- [WHAT IS BEING ASKED]
Every line in the data below that includes "assms" belongs in the answer, copied as it stands.

[Collected data]
——

(* Let $L$ be a (right) Leibniz algebra and $B$ an ideal of $L$. For every integer $n\geq 1$, $B^n\subseteq {}^{n}B+\mathrm{Es}(B)$.
   Context: $F$ is a field of characteristic different from $2$ and all algebras are finite-dimensional over $F$. A (right) Leibniz algebra is an $F$-vector space $L$ with a bilinear product $(x,y)\mapsto xy$ satisfying $x(yz)=(xy)z-(xz)y$ for all $x,y,z\in L$. For subspaces $U,V\subseteq L$, $UV$ denotes the linear span of all $uv$ with $u\in U$, $v\in V$. An ideal of $L$ is a subspace $B$ with $LB\subseteq B$ and $BL\subseteq B$. Right powers: $B^1=B$, $B^{n+1}=B^nB$. Left powers: ${}^1B=B$, ${}^{n+1}B=B\,({}^{n}B)$. $\mathrm{Ess}(L)$ is the ideal generated by all squares $xx$ ($x\in L$) and $\mathrm{Es}(B)=B\cap\mathrm{Ess}(L)$. *)

theory Defs
  imports Main "HOL.Vector_Spaces"
begin

definition bilinear_prod :: "('f::field \<Rightarrow> 'v::ab_group_add \<Rightarrow> 'v) \<Rightarrow> ('v \<Rightarrow> 'v \<Rightarrow> 'v) \<Rightarrow> bool" where
  "bilinear_prod scale mult \<longleftrightarrow>
     (\<forall>x y z. mult (x + y) z = mult x z + mult y z) \<and>
     (\<forall>x y z. mult x (y + z) = mult x y + mult x z) \<and>
     (\<forall>c x y. mult (scale c x) y = scale c (mult x y)) \<and>
     (\<forall>c x y. mult x (scale c y) = scale c (mult x y))"

definition right_leibniz :: "('f::field \<Rightarrow> 'v::ab_group_add \<Rightarrow> 'v) \<Rightarrow> ('v \<Rightarrow> 'v \<Rightarrow> 'v) \<Rightarrow> bool" where
  "right_leibniz scale mult \<longleftrightarrow>
     vector_space scale \<and> bilinear_prod scale mult \<and>
     (\<forall>x y z. mult x (mult y z) = mult (mult x y) z - mult (mult x z) y)"

definition sprod :: "('f::field \<Rightarrow> 'v::ab_group_add \<Rightarrow> 'v) \<Rightarrow> ('v \<Rightarrow> 'v \<Rightarrow> 'v) \<Rightarrow> 'v set \<Rightarrow> 'v set \<Rightarrow> 'v set" where
  "sprod scale mult U V = module.span scale {mult u v | u v. u \<in> U \<and> v \<in> V}"

definition ssum :: "'v::ab_group_add set \<Rightarrow> 'v set \<Rightarrow> 'v set" where
  "ssum U V = {u + v | u v. u \<in> U \<and> v \<in> V}"

definition is_ideal :: "('f::field \<Rightarrow> 'v::ab_group_add \<Rightarrow> 'v) \<Rightarrow> ('v \<Rightarrow> 'v \<Rightarrow> 'v) \<Rightarrow> 'v set \<Rightarrow> bool" where
  "is_ideal scale mult B \<longleftrightarrow> module.subspace scale B \<and>
     (\<forall>x b. b \<in> B \<longrightarrow> mult x b \<in> B) \<and> (\<forall>x b. b \<in> B \<longrightarrow> mult b x \<in> B)"

text \<open>Right powers: rpow B 1 = B, rpow B (n+1) = (rpow B n) B.
  (The value at 0 is irrelevant; we set it to B.)\<close>
fun rpow :: "('f::field \<Rightarrow> 'v::ab_group_add \<Rightarrow> 'v) \<Rightarrow> ('v \<Rightarrow> 'v \<Rightarrow> 'v) \<Rightarrow> 'v set \<Rightarrow> nat \<Rightarrow> 'v set" where
  "rpow scale mult B 0 = B"
| "rpow scale mult B (Suc 0) = B"
| "rpow scale mult B (Suc (Suc n)) = sprod scale mult (rpow scale mult B (Suc n)) B"

fun lpow :: "('f::field \<Rightarrow> 'v::ab_group_add \<Rightarrow> 'v) \<Rightarrow> ('v \<Rightarrow> 'v \<Rightarrow> 'v) \<Rightarrow> 'v set \<Rightarrow> nat \<Rightarrow> 'v set" where
  "lpow scale mult B 0 = B"
| "lpow scale mult B (Suc 0) = B"
| "lpow scale mult B (Suc (Suc n)) = sprod scale mult B (lpow scale mult B (Suc n))"

definition Ess :: "('f::field \<Rightarrow> 'v::ab_group_add \<Rightarrow> 'v) \<Rightarrow> ('v \<Rightarrow> 'v \<Rightarrow> 'v) \<Rightarrow> 'v set" where
  "Ess scale mult = \<Inter>{I. is_ideal scale mult I \<and> {mult x x | x. True} \<subseteq> I}"

definition Es :: "('f::field \<Rightarrow> 'v::ab_group_add \<Rightarrow> 'v) \<Rightarrow> ('v \<Rightarrow> 'v \<Rightarrow> 'v) \<Rightarrow> 'v set \<Rightarrow> 'v set" where
  "Es scale mult B = B \<inter> Ess scale mult"

end

theory Submission
  imports Defs
begin

text \<open>Polarising the square (a + b)(a + b) shows ab = -ba modulo Ess(L). So if x = a + e with
  a in the left power ^nB and e in Es(B), and b is in B, then xb differs from
  -ba, an element of the next left power, by an element of B \<inter> Ess(L); induction on n
  finishes the proof.\<close>

context vector_space
begin

lemma subspace_ssum:
  assumes "subspace U" and "subspace W"
  shows "subspace (ssum U W)"
  unfolding subspace_def ssum_def
proof (intro conjI ballI allI)
  show "0 \<in> {u + w |u w. u \<in> U \<and> w \<in> W}"
    using assms subspace_0 by force
next
  fix x y assume "x \<in> {u + w |u w. u \<in> U \<and> w \<in> W}" "y \<in> {u + w |u w. u \<in> U \<and> w \<in> W}"
  then obtain u1 w1 u2 w2 where "x = u1 + w1" "y = u2 + w2" "u1 \<in> U" "u2 \<in> U" "w1 \<in> W" "w2 \<in> W"
    by blast
  then show "x + y \<in> {u + w |u w. u \<in> U \<and> w \<in> W}"
    using assms subspace_add by (intro CollectI exI[of _ "u1 + u2"] exI[of _ "w1 + w2"]) (auto simp: algebra_simps)
next
  fix c x assume "x \<in> {u + w |u w. u \<in> U \<and> w \<in> W}"
  then obtain u w where "x = u + w" "u \<in> U" "w \<in> W"
    by blast
  then show "scale c x \<in> {u + w |u w. u \<in> U \<and> w \<in> W}"
    using assms subspace_scale by (intro CollectI exI[of _ "scale c u"] exI[of _ "scale c w"]) (auto simp: scale_right_distrib)
qed

lemma subspace_sprod: "subspace (sprod scale mult U W)"
  by (simp add: sprod_def subspace_span)

lemma mult_mem_sprod: "u \<in> U \<Longrightarrow> w \<in> W \<Longrightarrow> mult u w \<in> sprod scale mult U W"
  unfolding sprod_def by (auto intro: span_base)

lemma sprod_subset:
  assumes "subspace S" and "\<And>u w. u \<in> U \<Longrightarrow> w \<in> W \<Longrightarrow> mult u w \<in> S"
  shows "sprod scale mult U W \<subseteq> S"
  unfolding sprod_def by (rule span_minimal) (use assms in auto)

lemma subspace_lpow:
  assumes "subspace B"
  shows "subspace (lpow scale mult B n)"
  using assms by (cases "(scale, mult, B, n)" rule: lpow.cases) (simp_all add: subspace_sprod)

lemma is_ideal_Ess: "is_ideal scale mult (Ess scale mult)"
  unfolding is_ideal_def Ess_def subspace_def by auto

lemma square_mem_Ess: "mult x x \<in> Ess scale mult"
  unfolding Ess_def by auto

lemma mult_add_mult_commute_mem_Ess:
  assumes "bilinear_prod scale mult"
  shows "mult a b + mult b a \<in> Ess scale mult"
proof -
  have "mult (a + b) (a + b) = mult a a + (mult a b + mult b a) + mult b b"
    using assms by (simp add: bilinear_prod_def add.assoc)
  then have "mult a b + mult b a = mult (a + b) (a + b) - mult a a - mult b b"
    by (simp add: algebra_simps)
  moreover have "subspace (Ess scale mult)"
    using is_ideal_Ess by (simp add: is_ideal_def)
  ultimately show ?thesis
    by (metis square_mem_Ess subspace_diff)
qed

lemma subspace_Es:
  assumes "subspace B"
  shows "subspace (Es scale mult B)"
  using assms is_ideal_Ess subspace_inter by (simp add: Es_def is_ideal_def)

lemma mult_right_mem_lpow_plus_Es:
  assumes bil: "bilinear_prod scale mult" and B: "is_ideal scale mult B"
    and x: "x \<in> ssum (lpow scale mult B (Suc n)) (Es scale mult B)" and b: "b \<in> B"
  shows "mult x b \<in> ssum (lpow scale mult B (Suc (Suc n))) (Es scale mult B)"
proof -
  have subB: "subspace B" and mult_B: "mult y b \<in> B" for y
    using B b by (auto simp: is_ideal_def)
  obtain a e where x_eq: "x = a + e" and a: "a \<in> lpow scale mult B (Suc n)" and e: "e \<in> Es scale mult B"
    using x by (auto simp: ssum_def)
  have "- mult b a \<in> lpow scale mult B (Suc (Suc n))"
    using subspace_neg[OF subspace_sprod mult_mem_sprod[OF b a]] by simp
  moreover have "mult a b + mult b a \<in> Es scale mult B"
    using mult_add_mult_commute_mem_Ess[OF bil] mult_B b B subB subspace_add
    by (simp add: Es_def is_ideal_def)
  moreover have "mult e b \<in> Es scale mult B"
    using e mult_B is_ideal_Ess by (simp add: Es_def is_ideal_def)
  moreover have "mult x b = - mult b a + ((mult a b + mult b a) + mult e b)"
    using bil x_eq by (simp add: bilinear_prod_def algebra_simps)
  ultimately show ?thesis
    unfolding ssum_def using subspace_Es[OF subB] subspace_add by blast
qed

lemma rpow_subset_lpow_plus_Es:
  assumes bil: "bilinear_prod scale mult" and B: "is_ideal scale mult B"
  shows "rpow scale mult B (Suc n) \<subseteq> ssum (lpow scale mult B (Suc n)) (Es scale mult B)"
proof (induction n)
  case 0
  have "0 \<in> Es scale mult B"
    using B subspace_Es subspace_0 by (simp add: is_ideal_def)
  then show ?case
    unfolding ssum_def by force
next
  case (Suc n)
  have "subspace B"
    using B by (simp add: is_ideal_def)
  then have "subspace (ssum (lpow scale mult B (Suc (Suc n))) (Es scale mult B))"
    by (intro subspace_ssum subspace_lpow subspace_Es)
  then show ?case
    unfolding rpow.simps
    by (rule sprod_subset) (use Suc.IH mult_right_mem_lpow_plus_Es[OF bil B] in blast)
qed

end

theorem lemma3p2:
  fixes scale :: "'f::field \<Rightarrow> 'v::ab_group_add \<Rightarrow> 'v"
    and mult :: "'v \<Rightarrow> 'v \<Rightarrow> 'v"
    and B :: "'v set" and n :: nat
  assumes char: "(2::'f) \<noteq> 0"
    and fin: "\<exists>S. finite S \<and> module.span scale S = UNIV"
    and leib: "right_leibniz scale mult"
    and ideal: "is_ideal scale mult B"
    and n: "n \<ge> 1"
  shows "rpow scale mult B n \<subseteq> ssum (lpow scale mult B n) (Es scale mult B)"
proof -
  interpret vector_space scale
    using leib by (simp add: right_leibniz_def)
  obtain m where "n = Suc m"
    using n by (cases n) auto
  then show ?thesis
    using leib ideal rpow_subset_lpow_plus_Es by (simp add: right_leibniz_def)
qed

end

——

- [EXERCISE RESPONSE]
    using assms subspace_0 by force
    using assms subspace_add by (intro CollectI exI[of _ "u1 + u2"] exI[of _ "w1 + w2"]) (auto simp: algebra_simps)
    using assms subspace_scale by (intro CollectI exI[of _ "scale c u"] exI[of _ "scale c w"]) (auto simp: scale_right_distrib)
  unfolding sprod_def by (rule span_minimal) (use assms in auto)
  using assms by (cases "(scale, mult, B, n)" rule: lpow.cases) (simp_all add: subspace_sprod)
    using assms by (simp add: bilinear_prod_def add.assoc)
  using assms is_ideal_Ess subspace_inter by (simp add: Es_def is_ideal_def)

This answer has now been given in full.